Pull every "blast" line out of the data below.

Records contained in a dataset
- - -

(* Let $X$ be a real random variable with mean zero and finite variance $\sigma^2>0$, let $X^*$ have the zero bias distribution of $X$, and suppose $X^*\leq_{\sigma,k}X+c$ for positive constants $k$ and $c$. Then for all $x\ge0$, $$\mathbb{P}(X-\mathbb{E}X\ge x)\le\exp\left(-\frac{x^2}{2(k^2+cx)}\right).$$
   Context: Zero bias transform: for $X$ with mean zero and finite variance $\sigma^2$, $X^*$ has the zero bias distribution of $X$ if $\mathbb{E}[Xf(X)]=\sigma^2\mathbb{E}[f'(X^* )]$ for all absolutely continuous $f$ for which the expectations exist. Weighted stochastic order: $U\leq_{a,b}V$ means $a^2\mathbb{E}f(U)\le b^2\mathbb{E}f(V)$ for every increasing positive function $f$ for which the expectations exist. *)

theory Defs
  imports "HOL-Probability.Probability"
begin

text \<open>A function f on the reals is (locally) absolutely continuous with (a.e.) derivative g:
  g is locally Lebesgue integrable and f is an indefinite integral of g.\<close>
definition abs_cont_deriv :: "(real \<Rightarrow> real) \<Rightarrow> (real \<Rightarrow> real) \<Rightarrow> bool" where
  "abs_cont_deriv f g \<longleftrightarrow> g \<in> borel_measurable borel \<and>
     (\<forall>a b. a \<le> b \<longrightarrow> set_integrable lborel {a..b} g \<and>
        f b - f a = (LINT t:{a..b}|lborel. g t))"

definition zero_bias :: "'a measure \<Rightarrow> ('a \<Rightarrow> real) \<Rightarrow> 'b measure \<Rightarrow> ('b \<Rightarrow> real) \<Rightarrow> bool" where
  "zero_bias M X N Xs \<longleftrightarrow>
     (\<forall>f g. abs_cont_deriv f g \<longrightarrow> integrable M (\<lambda>w. X w * f (X w)) \<longrightarrow>
        integrable N (\<lambda>w. g (Xs w)) \<longrightarrow>
        (\<integral>w. X w * f (X w) \<partial>M) =
          (\<integral>w. (X w - (\<integral>v. X v \<partial>M))\<^sup>2 \<partial>M) * (\<integral>w. g (Xs w) \<partial>N))"

definition weighted_order :: "real \<Rightarrow> real \<Rightarrow> 'a measure \<Rightarrow> ('a \<Rightarrow> real) \<Rightarrow> 'b measure \<Rightarrow> ('b \<Rightarrow> real) \<Rightarrow> bool" where
  "weighted_order a b M U N V \<longleftrightarrow>
     (\<forall>f::real \<Rightarrow> real. mono f \<longrightarrow> (\<forall>x. f x > 0) \<longrightarrow>
        integrable M (\<lambda>w. f (U w)) \<longrightarrow> integrable N (\<lambda>w. f (V w)) \<longrightarrow>
        a\<^sup>2 * (\<integral>w. f (U w) \<partial>M) \<le> b\<^sup>2 * (\<integral>w. f (V w) \<partial>N))"

end

theory Submission
  imports Defs
begin

text \<open>Truncated at the level \<open>x\<close>, \<open>Y = min X x\<close> has finite exponential moments. The zero bias
  identity for \<open>f s = exp (t * min s x)\<close>, whose derivative is at most \<open>t * f\<close>, followed by the
  weighted order applied to the increasing positive \<open>f\<close>, gives
  \<open>E[Y exp(tY)] \<le> E[X f(X)] \<le> t k\<^sup>2 E[f(X + c)] \<le> k\<^sup>2 t exp(ct) E[exp(tY)]\<close>.
  Hence the moment generating function \<open>F\<close> of \<open>Y\<close> satisfies \<open>F' \<le> \<Phi>' F\<close> for
  \<open>\<Phi> t = k\<^sup>2 t\<^sup>2 / (2 (1 - c t))\<close>, so \<open>F \<le> exp \<Phi>\<close> on \<open>]0, 1/c[\<close> (Herbst's argument), and
  Chernoff's bound at \<open>t = x / (k\<^sup>2 + c x)\<close> gives the claim.\<close>

lemma has_real_derivative_integral:
  fixes f f' :: "real \<Rightarrow> 'a \<Rightarrow> real"
  assumes S: "open S" "convex S" "\<theta> \<in> S"
    and integrable: "\<And>t. t \<in> S \<Longrightarrow> integrable M (f t)"
    and f'_measurable: "f' \<theta> \<in> borel_measurable M"
    and deriv: "\<And>t w. t \<in> S \<Longrightarrow> w \<in> space M \<Longrightarrow> ((\<lambda>s. f s w) has_real_derivative f' t w) (at t)"
    and dominated: "\<And>t w. t \<in> S \<Longrightarrow> w \<in> space M \<Longrightarrow> \<bar>f' t w\<bar> \<le> g w"
    and g: "integrable M g"
  shows "((\<lambda>t. \<integral>w. f t w \<partial>M) has_real_derivative (\<integral>w. f' \<theta> w \<partial>M)) (at \<theta>)"
proof -
  have "((\<lambda>t. ((\<integral>w. f t w \<partial>M) - (\<integral>w. f \<theta> w \<partial>M)) / (t - \<theta>)) \<longlongrightarrow> (\<integral>w. f' \<theta> w \<partial>M))
      (at \<theta> within S)"
    unfolding tendsto_at_iff_sequentially comp_def
  proof (intro allI impI)
    fix T :: "nat \<Rightarrow> real" assume T: "\<forall>i. T i \<in> S - {\<theta>}" and T_lim: "T \<longlonglongrightarrow> \<theta>"
    define q where "q i w = (f (T i) w - f \<theta> w) / (T i - \<theta>)" for i w
    have lim: "(\<lambda>i. \<integral>w. q i w \<partial>M) \<longlonglongrightarrow> (\<integral>w. f' \<theta> w \<partial>M)"
    proof (rule integral_dominated_convergence[OF f'_measurable _ g])
      show "q i \<in> borel_measurable M" for i
        unfolding q_def using integrable T S(3)
        by (intro borel_measurable_divide borel_measurable_diff borel_measurable_integrable) auto
      show "AE w in M. (\<lambda>i. q i w) \<longlonglongrightarrow> f' \<theta> w"
      proof (rule AE_I2)
        fix w assume "w \<in> space M"
        then have "((\<lambda>s. f s w) has_real_derivative f' \<theta> w) (at \<theta> within S)"
          using deriv S(3) by (blast intro: has_field_derivative_at_within)
        then have "((\<lambda>s. (f s w - f \<theta> w) / (s - \<theta>)) \<longlongrightarrow> f' \<theta> w) (at \<theta> within S)"
          by (simp only: has_field_derivative_iff)
        then show "(\<lambda>i. q i w) \<longlonglongrightarrow> f' \<theta> w"
          using T T_lim unfolding tendsto_at_iff_sequentially q_def comp_def by blast
      qed
      show "AE w in M. norm (q i w) \<le> g w" for i
      proof (rule AE_I2)
        fix w assume "w \<in> space M"
        then have "norm (f (T i) w - f \<theta> w) \<le> g w * norm (T i - \<theta>)"
          using T S(3) deriv dominated
          by (intro field_differentiable_bound[OF S(2)]) (auto intro: has_field_derivative_at_within)
        then show "norm (q i w) \<le> g w"
          using T by (simp add: q_def divide_le_eq)
      qed
    qed
    have integral_q: "(\<integral>w. q i w \<partial>M) = ((\<integral>w. f (T i) w \<partial>M) - (\<integral>w. f \<theta> w \<partial>M)) / (T i - \<theta>)" for i
      using integrable T S(3) by (simp add: q_def integral_diff)
    show "(\<lambda>i. ((\<integral>w. f (T i) w \<partial>M) - (\<integral>w. f \<theta> w \<partial>M)) / (T i - \<theta>))
        \<longlonglongrightarrow> (\<integral>w. f' \<theta> w \<partial>M)"
      using lim unfolding integral_q .
  qed
  then have "((\<lambda>t. \<integral>w. f t w \<partial>M) has_real_derivative (\<integral>w. f' \<theta> w \<partial>M)) (at \<theta> within S)"
    by (simp only: has_field_derivative_iff)
  then show ?thesis
    using at_within_open[OF S(3,1)] by simp
qed

lemma (in finite_measure) has_real_derivative_mgf:
  assumes Y: "integrable M Y"
    and bounded_above: "\<And>w. w \<in> space M \<Longrightarrow> Y w \<le> a" and "0 < \<theta>"
  shows "((\<lambda>t. \<integral>w. exp (t * Y w) \<partial>M) has_real_derivative (\<integral>w. Y w * exp (\<theta> * Y w) \<partial>M)) (at \<theta>)"
proof -
  define C where "C = exp (2 * \<theta> * \<bar>a\<bar>)"
  have exp_le: "exp (t * Y w) \<le> C" if "w \<in> space M" "t \<in> {0<..<2 * \<theta>}" for t w
  proof -
    have "t * Y w \<le> t * \<bar>a\<bar>"
      using bounded_above[OF that(1)] that(2) by (intro mult_left_mono) auto
    also have "\<dots> \<le> 2 * \<theta> * \<bar>a\<bar>"
      using that(2) by (intro mult_right_mono) auto
    finally show ?thesis by (simp add: C_def)
  qed
  show ?thesis
  proof (rule has_real_derivative_integral[where S="{0<..<2 * \<theta>}" and g="\<lambda>w. \<bar>Y w\<bar> * C"])
    show "integrable M (\<lambda>w. exp (t * Y w))" if "t \<in> {0<..<2 * \<theta>}" for t
      using exp_le that borel_measurable_integrable[OF Y] by (intro integrable_const_bound[where B=C]) auto
    show "((\<lambda>s. exp (s * Y w)) has_real_derivative Y w * exp (t * Y w)) (at t)" for t w
      by (auto intro!: derivative_eq_intros)
    show "\<bar>Y w * exp (t * Y w)\<bar> \<le> \<bar>Y w\<bar> * C" if "t \<in> {0<..<2 * \<theta>}" "w \<in> space M" for t w
      using exp_le[OF that(2,1)] by (simp add: abs_mult mult_left_mono)
  qed (use Y \<open>0 < \<theta>\<close> in auto)
qed

lemma integrable_mult_bounded:
  fixes f g :: "'a \<Rightarrow> real"
  assumes "integrable M f" "g \<in> borel_measurable M" "\<And>w. w \<in> space M \<Longrightarrow> \<bar>g w\<bar> \<le> B"
  shows "integrable M (\<lambda>w. f w * g w)"
proof (rule Bochner_Integration.integrable_bound[where f="\<lambda>w. B * f w"])
  have "\<bar>f w\<bar> * \<bar>g w\<bar> \<le> \<bar>f w\<bar> * \<bar>B\<bar>" if "w \<in> space M" for w
    using assms(3)[OF that] by (intro mult_left_mono) auto
  then show "AE w in M. norm (f w * g w) \<le> norm (B * f w)"
    by (intro AE_I2) (simp add: abs_mult mult.commute)
qed (use assms in auto)

text \<open>At \<open>u = c t\<close> the right-hand side is \<open>\<Phi>' t / (k\<^sup>2 t)\<close>.\<close>

lemma exp_le_div_one_minus_sq:
  fixes u :: real
  assumes "0 \<le> u" "u < 1"
  shows "exp u \<le> (2 - u) / (2 * (1 - u)\<^sup>2)"
proof -
  have "(1 - u) * exp u \<le> 1"
    using exp_ge_add_one_self[of "- u"] by (simp add: exp_minus field_simps)
  also have "1 \<le> (2 - u) / (2 * (1 - u))"
    using assms by (simp add: field_simps)
  finally have "exp u \<le> (2 - u) / (2 * (1 - u)) / (1 - u)"
    using assms by (simp add: le_divide_eq mult.commute)
  then show ?thesis
    by (simp only: divide_divide_eq_left power2_eq_square mult.assoc)
qed

lemma le_exp_of_derivative_le:
  fixes F F' \<Phi> \<Phi>' G :: "real \<Rightarrow> real"
  assumes "0 < \<theta>"
    and F: "\<And>t. 0 < t \<Longrightarrow> t \<le> \<theta> \<Longrightarrow> (F has_real_derivative F' t) (at t)"
    and \<Phi>: "\<And>t. 0 < t \<Longrightarrow> t \<le> \<theta> \<Longrightarrow> (\<Phi> has_real_derivative \<Phi>' t) (at t)"
    and derivative_le: "\<And>t. 0 < t \<Longrightarrow> t \<le> \<theta> \<Longrightarrow> F' t \<le> \<Phi>' t * F t"
    and nonneg: "\<And>t. 0 < t \<Longrightarrow> t \<le> \<theta> \<Longrightarrow> 0 \<le> F t \<and> 0 \<le> \<Phi> t"
    and initial: "\<And>t. 0 < t \<Longrightarrow> t \<le> \<theta> \<Longrightarrow> F t \<le> G t" "(G \<longlongrightarrow> 1) (at_right 0)"
  shows "F \<theta> \<le> exp (\<Phi> \<theta>)"
proof -
  define h where "h t = F t * exp (- \<Phi> t)" for t
  have h_antimono: "h \<theta> \<le> h e" if "0 < e" "e \<le> \<theta>" for e
  proof (rule DERIV_nonpos_imp_nonincreasing[OF that(2)])
    fix t assume "e \<le> t" "t \<le> \<theta>"
    with that have t: "0 < t" "t \<le> \<theta>"
      by auto
    have "(h has_real_derivative (F' t - \<Phi>' t * F t) * exp (- \<Phi> t)) (at t)"
      using DERIV_mult[OF F[OF t] DERIV_fun_exp[OF DERIV_minus[OF \<Phi>[OF t]]]]
      unfolding h_def[abs_def] by (simp add: algebra_simps)
    moreover have "(F' t - \<Phi>' t * F t) * exp (- \<Phi> t) \<le> 0"
      using derivative_le[OF t] by (intro mult_nonpos_nonneg) auto
    ultimately show "\<exists>y. (h has_real_derivative y) (at t) \<and> y \<le> 0"
      by blast
  qed
  have "h \<theta> \<le> G e" if "0 < e" "e \<le> \<theta>" for e
  proof -
    have "h e \<le> F e"
      using nonneg[OF that] by (simp add: h_def mult_left_le)
    then show ?thesis
      using h_antimono[OF that] initial(1)[OF that] by linarith
  qed
  then have "h \<theta> \<le> 1"
    using \<open>0 < \<theta>\<close>
    by (intro tendsto_le[OF trivial_limit_at_right_real initial(2) tendsto_const])
       (auto simp: eventually_at_right_field)
  then show ?thesis
    by (simp add: h_def exp_minus field_simps)
qed

lemma (in prob_space) Chernoff_ineq_ge_truncated:
  assumes "X \<in> borel_measurable M" "0 < \<theta>"
  shows "prob {w \<in> space M. x \<le> X w} \<le> exp (- \<theta> * x) * (\<integral>w. exp (\<theta> * min (X w) x) \<partial>M)"
proof -
  have integrable_exp: "integrable M (\<lambda>w. exp (\<theta> * min (X w) x))"
    using assms by (intro integrable_const_bound[where B="exp (\<theta> * x)"]) auto
  then show ?thesis
    using Chernoff_ineq_ge[OF \<open>0 < \<theta>\<close> _ sets.top, of "\<lambda>w. min (X w) x" x]
      integrable_mult_indicator[OF sets.top integrable_exp]
    by (simp add: set_integral_space set_integrable_def)
qed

- - -

Result of the exercise
          using deriv S(3) by (blast intro: has_field_derivative_at_within)
          using T T_lim unfolding tendsto_at_iff_sequentially q_def comp_def by blast
      by blast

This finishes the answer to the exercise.